Description James Sodini 2007-01-18 23:36:16 UTC
Description of problem:
Booting RHEL4u3 or RHEL4u4 with eight-sockets of dual-core processes (16 cores
total) shows a tainted kernel.


Version-Release number of selected component (if applicable):
Standard installation kernel for both U3 (2.6.9-34.ELlargesmp) & U4
(2.6.9-42.ELlargesmp)

How reproducible:
100% 8-Socket
0% < 8-socket

Steps to Reproduce:
1. Perform fresh installation onto 8-socket
2. Boot & login to system
3. cat /proc/sys/kernel/tainted
  
Actual results:
[root@localhost ~]# cat /proc/sys/kernel/tainted
16

Expected results:
[root@localhost ~]# cat /proc/sys/kernel/tainted
0

Additional info:
This is preventing us from passing Red Hat Hardware Certification.

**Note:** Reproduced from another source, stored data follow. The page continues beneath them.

text \<open>The chain complex C is given by a family of finite bases K n (C_n is the free abelian
  group on K n) and integer boundary coefficients bC n x y, meaning
  boundary_n(x) = sum over y in K (n-1) of (bC n x y) y.
  The complex G is a family of finite commutative groups G n (HOL-Algebra, written
  multiplicatively) with boundary maps bG n : G n -> G (n-1).
  A homomorphism C_n -> G_m is identified with its values on the basis K n
  (universal property of the free abelian group); elements of hom^p are extensional
  families of such maps.\<close>

definition U1 :: "complex monoid" where
  "U1 = \<lparr>carrier = {z. cmod z = 1}, monoid.mult = (*), one = 1\<rparr>"

definition characters :: "('g, 'm) monoid_scheme \<Rightarrow> ('g \<Rightarrow> complex) set" where
  "characters H = {f. f \<in> hom H U1 \<and> f \<in> extensional (carrier H)}"

definition cochains :: "(int \<Rightarrow> 'k set) \<Rightarrow> (int \<Rightarrow> ('g, 'm) monoid_scheme) \<Rightarrow> int
    \<Rightarrow> (int \<Rightarrow> 'k \<Rightarrow> 'g) set" where
  "cochains K G p = {\<omega>. \<forall>n. \<omega> n \<in> (\<Pi>\<^sub>E x\<in>K n. carrier (G (n - p)))}"
lemma delta_cuts:
  "delta_t t = (\<Sum>k\<le>wt_t t. Poly_Mapping.single (take_vertices k [t], drop_vertices k [t]) (1::'k::field))"
  "delta_f F = (\<Sum>k\<le>wt_f F. Poly_Mapping.single (take_vertices k F, drop_vertices k F) (1::'k::field))"
proof (induction t and F rule: delta_t_delta_f.induct)
  case (1 F)
  have "idBplus (delta_f F :: 'k alg2) =
      (\<Sum>k\<le>wt_f F. Poly_Mapping.single (take_vertices k [Node F], drop_vertices k [Node F]) 1)"
    unfolding 1 idBplus_push_forward push_forward_sum by (intro sum.cong) auto
  then show ?case by (simp add: take_vertices_all drop_vertices_all)
next
  case 2
  then show ?case by simp
next
  case (3 t ts)
  let ?cut = "\<lambda>k. Poly_Mapping.single (take_vertices k (t # ts), drop_vertices k (t # ts)) (1::'k)"
  have "t # ts = [t] @ ts" by simp
  note cuts_Cons = take_vertices_append[of _ "[t]" ts, folded this] drop_vertices_append[of _ "[t]" ts, folded this]
  have "rmul2 (delta_t t) ts = (\<Sum>k\<le>wt_t t. ?cut k)"
    unfolding 3(2) rmul2_push_forward push_forward_sum by (intro sum.cong) (simp_all add: cuts_Cons)
  moreover have "lmul2 [t] (delta_f ts) = Poly_Mapping.single ([t], ts) 1 + (\<Sum>j<wt_f ts. ?cut (wt_t t + Suc j))"
    unfolding 3(1) lmul2_push_forward push_forward_sum sum_atMost_shift0
    by (simp add: push_forward_add push_forward_sum cuts_Cons)
  ultimately have "delta_f (t # ts) = (\<Sum>k\<le>wt_t t + wt_f ts. ?cut k)"
    unfolding sum_atMost_add by simp
  then show ?case by simp
qed

lemma linext_delta_f:
  "linext \<psi> (delta_f H :: 'k::field alg2) = (\<Sum>k\<le>wt_f H. \<psi> (take_vertices k H, drop_vertices k H))"
  unfolding delta_cuts linext_sum by simp

section \<open>Existence and uniqueness of the pairing\<close>

definition tree_pairing :: "'k::field alg \<Rightarrow> 'k alg \<Rightarrow> 'k" where
  "tree_pairing x y = linext (\<lambda>F. linext (\<lambda>G. of_bool (paired F G)) y) x"

lemma tree_pairing_bas: "tree_pairing (bas F) (bas G) = of_bool (paired F G)"
  by (simp add: tree_pairing_def)

lemma tree_pairing_bas_right: "tree_pairing x (bas G) = linext (\<lambda>F. of_bool (paired F G)) x"
  by (simp add: tree_pairing_def)

lemma tree_pairing_bas_left: "tree_pairing (bas F) y = linext (\<lambda>G. of_bool (paired F G)) y"
  by (simp add: tree_pairing_def)

lemma of_bool_paired_append: "(of_bool (paired (F @ G) H) :: 'k::comm_ring_1) =
    (\<Sum>k\<le>wt_f H. of_bool (paired G (take_vertices k H)) * of_bool (paired F (drop_vertices k H)))"
proof -
  have other_cut: "\<not> paired G (take_vertices k H)" if "k \<le> wt_f H" "k \<noteq> wt_f G" for k
    using paired_wt[of G "take_vertices k H"] that by auto
  show ?thesis
  proof (cases "wt_f G \<le> wt_f H")
    case True
    then have "(\<Sum>k\<le>wt_f H. of_bool (paired G (take_vertices k H)) * of_bool (paired F (drop_vertices k H)) :: 'k)
        = of_bool (paired G (take_vertices (wt_f G) H)) * of_bool (paired F (drop_vertices (wt_f G) H))"
      by (intro sum_eq_single) (auto simp: other_cut)
    then show ?thesis using True paired_append_left[of F G H] by (simp add: of_bool_conj)
  next
    case False
    then show ?thesis using paired_append_left[of F G H] other_cut by simp
  qed
qed

lemma bilinear_tree_pairing: "bilinear_form (tree_pairing :: 'k::field alg \<Rightarrow> 'k alg \<Rightarrow> 'k)"
  unfolding bilinear_form_def tree_pairing_def
  by (simp add: linext_add linext_sc linext_fun_add linext_fun_mult_left)
lemma integral_grad_ustar_inner_grad:
  fixes f :: "real^'n \<Rightarrow> real"
  assumes n: "CARD('n) \<ge> 2"
    and f: "continuous_on UNIV f" and C: "compact C" "\<And>x. x \<notin> C \<Longrightarrow> f x = 0"
    and df: "\<And>x i. ((\<lambda>s. f (x + s *\<^sub>R axis i 1)) has_real_derivative df i x) (at 0)"
      "\<And>i. continuous_on UNIV (df i)"
  shows "(\<integral>x. grad (ustar CARD('n)) x \<bullet> grad f x \<partial>lborel)
       = (\<integral>x. ustar CARD('n) x * radial_deriv (ustar CARD('n)) x ^ 3 * f x \<partial>lborel)"
proof -
  define a where "a = root 3 (9 * real CARD('n) - 15)"
  \<comment> \<open>\<open>grad (ustar n) 0\<close> is a junk value; the origin is a null set.\<close>
  have "(\<integral>x. grad (ustar CARD('n)) x \<bullet> grad f x \<partial>lborel)
      = (\<integral>x. - a / 3 * (norm x powr (-5/3) * (x \<bullet> grad f x)) \<partial>lborel)"
    by (rule integral_discrete_difference[where X="{0}"]) (auto simp: grad_ustar a_def)
  also have "\<dots> = - a / 3 * (\<integral>x. norm x powr (-5/3) * (x \<bullet> grad f x) \<partial>lborel)"
    by simp
  also have "\<dots> = - a / 3 * (- (CARD('n) - 5/3) * (\<integral>x. norm x powr (-5/3) * f x \<partial>lborel))"
    using integral_norm_powr_inner_grad[OF _ _ f C df, of "5/3"] n by simp
  also have "\<dots> = a / 3 * (CARD('n) - 5/3) * (\<integral>x. norm x powr (-5/3) * f x \<partial>lborel)"
    by (simp add: field_simps)
  also have "\<dots> = (\<integral>x. a / 3 * (CARD('n) - 5/3) * (norm x powr (-5/3) * f x) \<partial>lborel)"
    by simp
  finally show ?thesis by (simp add: ustar_mult_radial_deriv_cube a_def mult.assoc)
qed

This is in
regards to the Fabric7 Q80 which is linked above. We have a machine at Red Hat
for debugging this very problem.

Comment 2 Jason Baron 2007-01-29 19:20:02 UTC
hi James....any input on the cause of this is welcome :) anyways we apparently
have one of these boxes in our lab...however, i'm not able to login to the box.
We were able to connect to the management port (via serial), but i couldn't
figure out how to get to the main system console. Can you please advise. thanks.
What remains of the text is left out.